(Exercise requirements) This exercise calls for the line with "by (auto simp: le_iff eq_iff)", the line with "(nat \<Rightarrow> 'p)", and all lines between them in the material below, output exactly and with no other lines.
----------------------------------------
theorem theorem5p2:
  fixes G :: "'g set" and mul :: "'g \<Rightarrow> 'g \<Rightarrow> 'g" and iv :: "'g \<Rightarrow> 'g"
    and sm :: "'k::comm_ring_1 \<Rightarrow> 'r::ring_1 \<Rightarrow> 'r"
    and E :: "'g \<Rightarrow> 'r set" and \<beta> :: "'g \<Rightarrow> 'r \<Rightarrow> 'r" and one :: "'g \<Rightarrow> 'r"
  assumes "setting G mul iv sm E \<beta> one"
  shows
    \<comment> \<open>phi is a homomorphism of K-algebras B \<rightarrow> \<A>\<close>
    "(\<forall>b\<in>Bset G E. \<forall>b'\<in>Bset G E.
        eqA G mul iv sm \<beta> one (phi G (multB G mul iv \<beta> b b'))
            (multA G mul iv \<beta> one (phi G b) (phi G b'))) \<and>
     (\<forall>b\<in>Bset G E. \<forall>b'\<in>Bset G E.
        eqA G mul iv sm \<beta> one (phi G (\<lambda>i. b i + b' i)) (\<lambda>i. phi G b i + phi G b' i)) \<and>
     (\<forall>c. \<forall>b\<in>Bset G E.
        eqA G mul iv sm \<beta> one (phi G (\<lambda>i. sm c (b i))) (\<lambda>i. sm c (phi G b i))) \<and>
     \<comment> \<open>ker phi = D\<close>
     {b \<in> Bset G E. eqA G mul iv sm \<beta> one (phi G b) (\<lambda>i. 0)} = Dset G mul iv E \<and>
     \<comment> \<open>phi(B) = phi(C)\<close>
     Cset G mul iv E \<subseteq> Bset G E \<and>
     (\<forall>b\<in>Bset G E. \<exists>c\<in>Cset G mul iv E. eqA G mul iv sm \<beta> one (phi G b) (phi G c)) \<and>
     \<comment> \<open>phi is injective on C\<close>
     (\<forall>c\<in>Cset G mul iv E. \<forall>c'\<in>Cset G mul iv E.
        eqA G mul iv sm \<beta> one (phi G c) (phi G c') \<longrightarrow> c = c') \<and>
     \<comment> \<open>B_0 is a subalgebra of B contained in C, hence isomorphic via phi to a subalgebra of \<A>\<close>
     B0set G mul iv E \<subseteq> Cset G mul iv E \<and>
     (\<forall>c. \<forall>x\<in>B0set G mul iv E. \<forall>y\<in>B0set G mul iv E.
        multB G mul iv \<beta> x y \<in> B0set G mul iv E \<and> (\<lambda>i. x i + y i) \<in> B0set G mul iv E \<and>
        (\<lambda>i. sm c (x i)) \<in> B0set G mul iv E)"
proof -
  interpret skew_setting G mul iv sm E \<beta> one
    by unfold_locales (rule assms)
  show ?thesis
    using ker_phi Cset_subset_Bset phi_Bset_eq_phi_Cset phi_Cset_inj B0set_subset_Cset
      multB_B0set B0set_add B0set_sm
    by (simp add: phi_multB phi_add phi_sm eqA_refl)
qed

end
----------------------------------------
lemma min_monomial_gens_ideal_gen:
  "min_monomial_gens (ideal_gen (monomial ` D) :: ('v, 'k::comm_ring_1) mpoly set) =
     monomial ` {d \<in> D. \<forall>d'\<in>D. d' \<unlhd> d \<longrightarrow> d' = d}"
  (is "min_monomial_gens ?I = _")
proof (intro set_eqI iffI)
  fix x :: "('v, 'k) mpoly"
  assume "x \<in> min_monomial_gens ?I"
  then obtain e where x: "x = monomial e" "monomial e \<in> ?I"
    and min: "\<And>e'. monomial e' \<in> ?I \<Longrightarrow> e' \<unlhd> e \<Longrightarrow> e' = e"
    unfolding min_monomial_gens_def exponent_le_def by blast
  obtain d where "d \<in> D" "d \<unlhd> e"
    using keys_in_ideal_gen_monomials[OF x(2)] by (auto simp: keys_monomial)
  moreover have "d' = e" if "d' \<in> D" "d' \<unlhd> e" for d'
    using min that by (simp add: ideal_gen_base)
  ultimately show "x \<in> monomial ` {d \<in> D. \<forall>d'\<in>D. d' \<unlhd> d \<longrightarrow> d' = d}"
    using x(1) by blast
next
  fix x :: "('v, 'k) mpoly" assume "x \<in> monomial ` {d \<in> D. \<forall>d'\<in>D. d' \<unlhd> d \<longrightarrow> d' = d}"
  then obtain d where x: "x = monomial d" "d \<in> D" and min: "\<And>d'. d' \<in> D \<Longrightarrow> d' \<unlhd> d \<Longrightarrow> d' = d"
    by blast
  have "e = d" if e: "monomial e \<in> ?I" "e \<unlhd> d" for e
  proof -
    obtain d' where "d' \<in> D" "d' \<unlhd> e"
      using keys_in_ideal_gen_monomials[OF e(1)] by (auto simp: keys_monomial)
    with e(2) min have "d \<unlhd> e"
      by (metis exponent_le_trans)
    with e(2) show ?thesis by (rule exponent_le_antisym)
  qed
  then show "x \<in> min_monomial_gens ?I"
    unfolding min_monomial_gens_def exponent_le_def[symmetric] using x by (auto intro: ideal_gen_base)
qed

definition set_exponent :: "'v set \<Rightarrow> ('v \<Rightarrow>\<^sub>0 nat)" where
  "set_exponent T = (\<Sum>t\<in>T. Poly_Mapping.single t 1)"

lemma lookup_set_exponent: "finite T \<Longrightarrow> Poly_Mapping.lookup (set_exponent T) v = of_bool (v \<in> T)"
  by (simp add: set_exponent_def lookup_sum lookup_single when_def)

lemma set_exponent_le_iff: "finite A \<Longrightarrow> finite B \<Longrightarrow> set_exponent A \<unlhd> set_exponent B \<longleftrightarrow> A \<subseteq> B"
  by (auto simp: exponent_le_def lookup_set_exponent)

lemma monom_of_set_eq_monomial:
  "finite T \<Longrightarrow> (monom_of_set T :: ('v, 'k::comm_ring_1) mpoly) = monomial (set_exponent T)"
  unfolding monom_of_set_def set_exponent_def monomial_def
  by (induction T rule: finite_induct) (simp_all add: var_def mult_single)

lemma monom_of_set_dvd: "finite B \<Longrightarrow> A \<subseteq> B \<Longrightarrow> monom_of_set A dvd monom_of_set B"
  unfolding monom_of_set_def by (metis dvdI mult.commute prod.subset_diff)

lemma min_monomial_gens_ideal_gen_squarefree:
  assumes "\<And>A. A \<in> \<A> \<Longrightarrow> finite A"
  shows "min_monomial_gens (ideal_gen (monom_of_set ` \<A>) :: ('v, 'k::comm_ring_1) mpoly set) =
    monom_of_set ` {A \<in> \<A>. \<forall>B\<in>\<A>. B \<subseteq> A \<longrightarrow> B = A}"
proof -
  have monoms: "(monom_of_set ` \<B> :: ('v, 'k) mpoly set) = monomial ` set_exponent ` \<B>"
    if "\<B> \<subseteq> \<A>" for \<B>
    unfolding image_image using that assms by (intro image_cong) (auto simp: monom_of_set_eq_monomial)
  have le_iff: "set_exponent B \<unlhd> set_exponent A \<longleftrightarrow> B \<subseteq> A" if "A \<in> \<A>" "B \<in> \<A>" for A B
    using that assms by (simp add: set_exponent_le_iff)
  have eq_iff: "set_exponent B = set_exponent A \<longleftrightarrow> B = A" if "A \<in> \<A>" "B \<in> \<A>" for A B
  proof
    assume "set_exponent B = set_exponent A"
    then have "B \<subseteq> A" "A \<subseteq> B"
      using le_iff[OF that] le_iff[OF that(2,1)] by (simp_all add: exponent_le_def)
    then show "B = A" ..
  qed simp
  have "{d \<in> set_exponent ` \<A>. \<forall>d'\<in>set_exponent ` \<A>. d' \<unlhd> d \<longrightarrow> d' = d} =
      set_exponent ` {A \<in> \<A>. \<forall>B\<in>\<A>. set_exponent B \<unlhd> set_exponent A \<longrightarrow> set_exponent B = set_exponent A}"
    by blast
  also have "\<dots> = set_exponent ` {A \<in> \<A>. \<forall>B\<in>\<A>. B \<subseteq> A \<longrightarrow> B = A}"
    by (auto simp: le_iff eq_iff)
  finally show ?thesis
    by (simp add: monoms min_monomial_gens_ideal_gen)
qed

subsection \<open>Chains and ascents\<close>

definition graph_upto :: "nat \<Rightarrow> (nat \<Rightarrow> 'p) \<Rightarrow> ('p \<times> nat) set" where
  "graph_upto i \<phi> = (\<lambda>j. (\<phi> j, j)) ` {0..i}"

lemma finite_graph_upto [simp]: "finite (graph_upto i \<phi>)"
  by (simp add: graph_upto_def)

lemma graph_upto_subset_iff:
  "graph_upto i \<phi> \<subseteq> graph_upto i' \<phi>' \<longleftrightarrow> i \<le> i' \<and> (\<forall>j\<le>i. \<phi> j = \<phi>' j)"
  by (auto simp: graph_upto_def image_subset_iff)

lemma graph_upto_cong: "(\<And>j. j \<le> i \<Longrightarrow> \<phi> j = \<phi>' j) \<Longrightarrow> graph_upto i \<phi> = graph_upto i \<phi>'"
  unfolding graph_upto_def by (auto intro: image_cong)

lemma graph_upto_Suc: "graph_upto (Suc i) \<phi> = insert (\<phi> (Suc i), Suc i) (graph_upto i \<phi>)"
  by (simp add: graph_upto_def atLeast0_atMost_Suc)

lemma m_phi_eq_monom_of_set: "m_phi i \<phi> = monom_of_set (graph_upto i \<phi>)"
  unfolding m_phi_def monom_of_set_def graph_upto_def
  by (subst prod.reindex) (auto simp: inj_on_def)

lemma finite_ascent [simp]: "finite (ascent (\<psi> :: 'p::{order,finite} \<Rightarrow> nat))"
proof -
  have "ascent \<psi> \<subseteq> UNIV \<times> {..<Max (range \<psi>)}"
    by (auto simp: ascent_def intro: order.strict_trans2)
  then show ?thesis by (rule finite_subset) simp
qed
----------------------------------------
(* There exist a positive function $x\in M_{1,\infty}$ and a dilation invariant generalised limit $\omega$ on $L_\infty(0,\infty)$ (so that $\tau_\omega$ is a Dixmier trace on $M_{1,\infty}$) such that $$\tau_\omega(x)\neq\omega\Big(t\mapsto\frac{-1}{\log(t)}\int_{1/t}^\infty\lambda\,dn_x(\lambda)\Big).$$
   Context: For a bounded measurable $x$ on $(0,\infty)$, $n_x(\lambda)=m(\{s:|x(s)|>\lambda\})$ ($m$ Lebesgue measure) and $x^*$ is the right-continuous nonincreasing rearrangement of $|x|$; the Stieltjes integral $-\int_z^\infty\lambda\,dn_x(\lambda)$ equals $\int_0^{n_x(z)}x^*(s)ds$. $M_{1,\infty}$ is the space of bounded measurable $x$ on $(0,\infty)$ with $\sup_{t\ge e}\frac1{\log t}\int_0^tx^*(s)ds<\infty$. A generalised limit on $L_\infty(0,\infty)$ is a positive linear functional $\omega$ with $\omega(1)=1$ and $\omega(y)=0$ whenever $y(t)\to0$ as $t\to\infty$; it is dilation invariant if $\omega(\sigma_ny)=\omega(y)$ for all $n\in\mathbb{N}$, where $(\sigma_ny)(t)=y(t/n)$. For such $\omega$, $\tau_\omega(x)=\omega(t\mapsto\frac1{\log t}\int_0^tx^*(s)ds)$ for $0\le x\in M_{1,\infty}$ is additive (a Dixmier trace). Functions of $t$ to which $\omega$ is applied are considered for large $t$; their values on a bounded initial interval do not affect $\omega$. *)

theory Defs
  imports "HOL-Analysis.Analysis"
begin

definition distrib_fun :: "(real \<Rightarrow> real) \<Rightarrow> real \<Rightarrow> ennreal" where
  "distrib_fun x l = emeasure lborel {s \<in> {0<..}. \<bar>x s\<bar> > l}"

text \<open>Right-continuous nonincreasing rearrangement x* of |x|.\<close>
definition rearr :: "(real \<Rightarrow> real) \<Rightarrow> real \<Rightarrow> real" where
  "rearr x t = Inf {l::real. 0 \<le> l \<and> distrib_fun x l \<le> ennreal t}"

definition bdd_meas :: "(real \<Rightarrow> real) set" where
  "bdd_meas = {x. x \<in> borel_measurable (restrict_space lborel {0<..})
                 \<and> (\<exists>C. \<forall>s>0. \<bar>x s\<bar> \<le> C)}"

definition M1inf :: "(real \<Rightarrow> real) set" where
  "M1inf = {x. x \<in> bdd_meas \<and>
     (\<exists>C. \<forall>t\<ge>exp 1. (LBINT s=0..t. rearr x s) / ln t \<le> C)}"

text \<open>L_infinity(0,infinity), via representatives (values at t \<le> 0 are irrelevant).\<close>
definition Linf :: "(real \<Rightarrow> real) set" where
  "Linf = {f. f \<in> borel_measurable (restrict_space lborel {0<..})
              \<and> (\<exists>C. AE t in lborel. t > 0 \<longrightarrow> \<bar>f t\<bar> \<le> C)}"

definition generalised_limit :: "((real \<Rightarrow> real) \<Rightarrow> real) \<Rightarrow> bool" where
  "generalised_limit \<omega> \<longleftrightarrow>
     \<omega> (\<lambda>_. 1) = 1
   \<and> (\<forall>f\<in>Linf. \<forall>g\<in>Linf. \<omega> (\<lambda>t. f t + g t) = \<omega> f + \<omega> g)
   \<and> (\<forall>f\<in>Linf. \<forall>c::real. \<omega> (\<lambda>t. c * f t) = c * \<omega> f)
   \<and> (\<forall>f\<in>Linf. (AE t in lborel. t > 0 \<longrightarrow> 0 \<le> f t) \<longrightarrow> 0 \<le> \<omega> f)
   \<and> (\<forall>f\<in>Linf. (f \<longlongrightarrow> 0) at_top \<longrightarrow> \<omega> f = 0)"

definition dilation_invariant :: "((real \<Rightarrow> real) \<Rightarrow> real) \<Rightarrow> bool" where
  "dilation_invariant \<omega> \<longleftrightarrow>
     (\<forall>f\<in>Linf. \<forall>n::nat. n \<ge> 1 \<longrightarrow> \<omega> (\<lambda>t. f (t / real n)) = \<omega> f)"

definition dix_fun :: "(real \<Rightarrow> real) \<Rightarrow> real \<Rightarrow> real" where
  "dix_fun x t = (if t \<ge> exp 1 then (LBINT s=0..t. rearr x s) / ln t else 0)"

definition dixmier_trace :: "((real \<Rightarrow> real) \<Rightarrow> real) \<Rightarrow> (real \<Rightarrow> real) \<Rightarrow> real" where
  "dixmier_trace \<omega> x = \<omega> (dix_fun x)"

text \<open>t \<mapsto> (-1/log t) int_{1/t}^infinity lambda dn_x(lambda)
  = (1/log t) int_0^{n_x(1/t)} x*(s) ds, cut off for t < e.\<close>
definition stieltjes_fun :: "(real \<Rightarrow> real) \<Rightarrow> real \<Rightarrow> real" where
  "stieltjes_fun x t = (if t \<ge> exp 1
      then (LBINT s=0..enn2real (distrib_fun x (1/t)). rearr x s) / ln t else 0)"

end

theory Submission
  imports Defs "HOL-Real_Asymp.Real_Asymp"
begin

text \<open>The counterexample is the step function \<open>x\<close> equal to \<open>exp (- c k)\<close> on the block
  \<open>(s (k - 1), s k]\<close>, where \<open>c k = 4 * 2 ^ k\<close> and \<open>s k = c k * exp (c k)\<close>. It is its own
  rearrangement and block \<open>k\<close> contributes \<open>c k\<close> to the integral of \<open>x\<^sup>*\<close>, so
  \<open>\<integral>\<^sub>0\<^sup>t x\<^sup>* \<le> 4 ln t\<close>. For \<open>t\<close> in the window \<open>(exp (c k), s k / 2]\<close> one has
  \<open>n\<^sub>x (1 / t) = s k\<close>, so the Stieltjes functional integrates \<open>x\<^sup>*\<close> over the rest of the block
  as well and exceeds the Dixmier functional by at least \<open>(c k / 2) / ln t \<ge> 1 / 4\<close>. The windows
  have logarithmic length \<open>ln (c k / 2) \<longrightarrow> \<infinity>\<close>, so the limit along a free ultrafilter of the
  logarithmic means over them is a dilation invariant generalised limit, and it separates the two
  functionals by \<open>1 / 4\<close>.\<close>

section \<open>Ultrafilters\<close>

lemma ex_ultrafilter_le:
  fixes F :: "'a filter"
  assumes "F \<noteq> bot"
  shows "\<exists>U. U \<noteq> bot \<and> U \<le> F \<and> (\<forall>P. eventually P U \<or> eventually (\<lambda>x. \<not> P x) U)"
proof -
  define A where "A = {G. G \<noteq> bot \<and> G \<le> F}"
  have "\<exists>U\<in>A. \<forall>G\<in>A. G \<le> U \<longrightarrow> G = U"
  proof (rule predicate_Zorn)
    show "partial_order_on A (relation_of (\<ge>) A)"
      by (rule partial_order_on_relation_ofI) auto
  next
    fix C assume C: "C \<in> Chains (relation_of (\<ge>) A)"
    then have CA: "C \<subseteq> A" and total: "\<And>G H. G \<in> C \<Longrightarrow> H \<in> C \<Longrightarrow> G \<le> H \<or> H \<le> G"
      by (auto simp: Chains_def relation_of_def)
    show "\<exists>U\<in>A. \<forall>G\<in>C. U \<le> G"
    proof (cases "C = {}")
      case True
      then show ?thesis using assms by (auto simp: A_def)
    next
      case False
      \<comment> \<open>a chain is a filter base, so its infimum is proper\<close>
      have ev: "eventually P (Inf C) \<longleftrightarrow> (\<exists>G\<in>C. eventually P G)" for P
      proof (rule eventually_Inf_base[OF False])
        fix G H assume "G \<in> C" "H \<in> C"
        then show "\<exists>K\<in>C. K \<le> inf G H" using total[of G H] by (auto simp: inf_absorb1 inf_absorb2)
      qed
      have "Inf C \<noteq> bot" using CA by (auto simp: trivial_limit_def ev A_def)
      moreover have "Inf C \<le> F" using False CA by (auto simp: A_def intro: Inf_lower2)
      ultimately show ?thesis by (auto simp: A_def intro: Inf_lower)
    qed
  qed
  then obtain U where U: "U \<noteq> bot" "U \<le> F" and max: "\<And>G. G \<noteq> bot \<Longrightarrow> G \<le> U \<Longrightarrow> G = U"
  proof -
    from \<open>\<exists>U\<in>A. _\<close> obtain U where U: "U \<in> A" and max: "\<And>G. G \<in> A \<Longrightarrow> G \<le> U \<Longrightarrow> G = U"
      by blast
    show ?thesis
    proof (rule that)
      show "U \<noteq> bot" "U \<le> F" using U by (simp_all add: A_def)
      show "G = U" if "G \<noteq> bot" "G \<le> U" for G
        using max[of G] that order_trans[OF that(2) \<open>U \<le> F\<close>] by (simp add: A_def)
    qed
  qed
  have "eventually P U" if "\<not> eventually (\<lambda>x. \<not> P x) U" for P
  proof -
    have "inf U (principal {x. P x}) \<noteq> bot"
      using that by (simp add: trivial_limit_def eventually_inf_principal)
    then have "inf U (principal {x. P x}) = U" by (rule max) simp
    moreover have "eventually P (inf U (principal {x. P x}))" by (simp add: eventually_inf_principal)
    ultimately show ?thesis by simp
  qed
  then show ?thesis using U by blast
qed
----------------------------------------
(Response area)
    by (auto simp: le_iff eq_iff)
  finally show ?thesis
    by (simp add: monoms min_monomial_gens_ideal_gen)
qed

subsection \<open>Chains and ascents\<close>

definition graph_upto :: "nat \<Rightarrow> (nat \<Rightarrow> 'p) \<Rightarrow> ('p \<times> nat) set" where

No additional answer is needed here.